Activity: Output all records below verbatim.

____

text \<open>The third isomorphism theorem in disguise: Q = M/X0 contains Y0 = W0/X0 with quotient
  V = M/W0.\<close>

lemma ses_compose:
  assumes "ses A X0 W0 Y0" "ses A W0 M V"
    and "X0 \<in> Amod A" "W0 \<in> Amod A" "Y0 \<in> Amod A" "M \<in> Amod A" "V \<in> Amod A"
  shows "\<exists>Q\<in>Amod A. ses A X0 M Q \<and> ses A Y0 Q V"
proof -
  have l: "left_module A X0" "left_module A W0" "left_module A Y0" "left_module A M" "left_module A V"
    using assms(3-7) by (auto simp: Amod_def)
  obtain f0 g0 where F0: "mod_hom A X0 W0 f0" "mod_hom A W0 Y0 g0" "inj_on f0 (carrier X0)"
    "g0 ` carrier W0 = carrier Y0" "f0 ` carrier X0 = {w \<in> carrier W0. g0 w = \<zero>\<^bsub>Y0\<^esub>}"
    using sesE[OF assms(1)] .
  obtain f g where F: "mod_hom A W0 M f" "mod_hom A M V g" "inj_on f (carrier W0)"
    "g ` carrier M = carrier V" "f ` carrier W0 = {m \<in> carrier M. g m = \<zero>\<^bsub>V\<^esub>}"
    using sesE[OF assms(2)] .
  have hk: "mod_hom A X0 M (\<lambda>x. f (f0 x))" by (rule mod_hom_comp[OF F0(1) F(1)])
  obtain Q q where Q: "Q \<in> Amod A" "mod_hom A M Q q" "q ` carrier M = carrier Q"
    "\<forall>m\<in>carrier M. q m = \<zero>\<^bsub>Q\<^esub> \<longleftrightarrow> m \<in> (\<lambda>x. f (f0 x)) ` carrier X0"
    using cokernel_exists[OF hk assms(3,6)] by (elim bexE exE conjE)
  have lQ: "left_module A Q" using Q(1) by (simp add: Amod_def)
  have "inj_on (\<lambda>x. f (f0 x)) (carrier X0)"
    using F0(3) F(3) mod_hom_closed[OF F0(1)] by (auto simp: inj_on_def)
  moreover have "(\<lambda>x. f (f0 x)) ` carrier X0 = {m \<in> carrier M. q m = \<zero>\<^bsub>Q\<^esub>}"
  proof (intro equalityI subsetI)
    fix m assume m: "m \<in> (\<lambda>x. f (f0 x)) ` carrier X0"
    then have "m \<in> carrier M" using mod_hom_closed[OF hk] by blast
    then show "m \<in> {m \<in> carrier M. q m = \<zero>\<^bsub>Q\<^esub>}" using Q(4) m by simp
  next
    fix m assume "m \<in> {m \<in> carrier M. q m = \<zero>\<^bsub>Q\<^esub>}"
    then have m: "m \<in> carrier M" "q m = \<zero>\<^bsub>Q\<^esub>" by simp_all
    then show "m \<in> (\<lambda>x. f (f0 x)) ` carrier X0" using Q(4)[rule_format, OF m(1)] by simp
  qed
  ultimately have ses1: "ses A X0 M Q"
    unfolding ses_def using hk Q(2,3) by blast
  obtain h where h: "mod_hom A Y0 Q h" "\<And>w. w \<in> carrier W0 \<Longrightarrow> h (g0 w) = q (f w)"
  proof (rule mod_hom_factor[OF F0(2,4) mod_hom_comp[OF F(1) Q(2)] l(2,3) lQ])
    fix w assume "w \<in> carrier W0" "g0 w = \<zero>\<^bsub>Y0\<^esub>"
    then have "w \<in> f0 ` carrier X0" using F0(5) by simp
    then obtain x where "x \<in> carrier X0" "w = f0 x" by blast
    then show "q (f w) = \<zero>\<^bsub>Q\<^esub>" using Q(4) mod_hom_closed[OF hk] by simp
  qed (rule that)
  obtain p where p: "mod_hom A Q V p" "\<And>m. m \<in> carrier M \<Longrightarrow> p (q m) = g m"
  proof (rule mod_hom_factor[OF Q(2,3) F(2) l(4) lQ l(5)])
    fix m assume "m \<in> carrier M" "q m = \<zero>\<^bsub>Q\<^esub>"
    then have "m \<in> (\<lambda>x. f (f0 x)) ` carrier X0" using Q(4) by simp
    then obtain x where x: "x \<in> carrier X0" "m = f (f0 x)" by blast
    then have "m \<in> f ` carrier W0" using mod_hom_closed[OF F0(1)] by blast
    then show "g m = \<zero>\<^bsub>V\<^esub>" using F(5) by simp
  qed (rule that)
  have "ses A Y0 Q V"
    by (rule induced_ses[OF F0(1,2,4,5) F(1,3,4,5) Q(3) Q(4)[rule_format] h p l(3) lQ])
  then show ?thesis using Q(1) ses1 by blast
qed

____

Exercise result:
text \<open>The third isomorphism theorem in disguise: Q = M/X0 contains Y0 = W0/X0 with quotient
  V = M/W0.\<close>

lemma ses_compose:
  assumes "ses A X0 W0 Y0" "ses A W0 M V"
    and "X0 \<in> Amod A" "W0 \<in> Amod A" "Y0 \<in> Amod A" "M \<in> Amod A" "V \<in> Amod A"
  shows "\<exists>Q\<in>Amod A. ses A X0 M Q \<and> ses A Y0 Q V"
proof -
  have l: "left_module A X0" "left_module A W0" "left_module A Y0" "left_module A M" "left_module A V"
    using assms(3-7) by (auto simp: Amod_def)
  obtain f0 g0 where F0: "mod_hom A X0 W0 f0" "mod_hom A W0 Y0 g0" "inj_on f0 (carrier X0)"
    "g0 ` carrier W0 = carrier Y0" "f0 ` carrier X0 = {w \<in> carrier W0. g0 w = \<zero>\<^bsub>Y0\<^esub>}"
    using sesE[OF assms(1)] .
  obtain f g where F: "mod_hom A W0 M f" "mod_hom A M V g" "inj_on f (carrier W0)"
    "g ` carrier M = carrier V" "f ` carrier W0 = {m \<in> carrier M. g m = \<zero>\<^bsub>V\<^esub>}"
    using sesE[OF assms(2)] .
  have hk: "mod_hom A X0 M (\<lambda>x. f (f0 x))" by (rule mod_hom_comp[OF F0(1) F(1)])
  obtain Q q where Q: "Q \<in> Amod A" "mod_hom A M Q q" "q ` carrier M = carrier Q"
    "\<forall>m\<in>carrier M. q m = \<zero>\<^bsub>Q\<^esub> \<longleftrightarrow> m \<in> (\<lambda>x. f (f0 x)) ` carrier X0"
    using cokernel_exists[OF hk assms(3,6)] by (elim bexE exE conjE)
  have lQ: "left_module A Q" using Q(1) by (simp add: Amod_def)
  have "inj_on (\<lambda>x. f (f0 x)) (carrier X0)"
    using F0(3) F(3) mod_hom_closed[OF F0(1)] by (auto simp: inj_on_def)
  moreover have "(\<lambda>x. f (f0 x)) ` carrier X0 = {m \<in> carrier M. q m = \<zero>\<^bsub>Q\<^esub>}"
  proof (intro equalityI subsetI)
    fix m assume m: "m \<in> (\<lambda>x. f (f0 x)) ` carrier X0"
    then have "m \<in> carrier M" using mod_hom_closed[OF hk] by blast
    then show "m \<in> {m \<in> carrier M. q m = \<zero>\<^bsub>Q\<^esub>}" using Q(4) m by simp
  next
    fix m assume "m \<in> {m \<in> carrier M. q m = \<zero>\<^bsub>Q\<^esub>}"
    then have m: "m \<in> carrier M" "q m = \<zero>\<^bsub>Q\<^esub>" by simp_all
    then show "m \<in> (\<lambda>x. f (f0 x)) ` carrier X0" using Q(4)[rule_format, OF m(1)] by simp
  qed
  ultimately have ses1: "ses A X0 M Q"
    unfolding ses_def using hk Q(2,3) by blast
  obtain h where h: "mod_hom A Y0 Q h" "\<And>w. w \<in> carrier W0 \<Longrightarrow> h (g0 w) = q (f w)"
  proof (rule mod_hom_factor[OF F0(2,4) mod_hom_comp[OF F(1) Q(2)] l(2,3) lQ])
    fix w assume "w \<in> carrier W0" "g0 w = \<zero>\<^bsub>Y0\<^esub>"
    then have "w \<in> f0 ` carrier X0" using F0(5) by simp
    then obtain x where "x \<in> carrier X0" "w = f0 x" by blast
    then show "q (f w) = \<zero>\<^bsub>Q\<^esub>" using Q(4) mod_hom_closed[OF hk] by simp
  qed (rule that)
  obtain p where p: "mod_hom A Q V p" "\<And>m. m \<in> carrier M \<Longrightarrow> p (q m) = g m"
  proof (rule mod_hom_factor[OF Q(2,3) F(2) l(4) lQ l(5)])
    fix m assume "m \<in> carrier M" "q m = \<zero>\<^bsub>Q\<^esub>"
    then have "m \<in> (\<lambda>x. f (f0 x)) ` carrier X0" using Q(4) by simp
    then obtain x where x: "x \<in> carrier X0" "m = f (f0 x)" by blast
    then have "m \<in> f ` carrier W0" using mod_hom_closed[OF F0(1)] by blast
    then show "g m = \<zero>\<^bsub>V\<^esub>" using F(5) by simp
  qed (rule that)
  have "ses A Y0 Q V"
    by (rule induced_ses[OF F0(1,2,4,5) F(1,3,4,5) Q(3) Q(4)[rule_format] h p l(3) lQ])
  then show ?thesis using Q(1) ses1 by blast
qed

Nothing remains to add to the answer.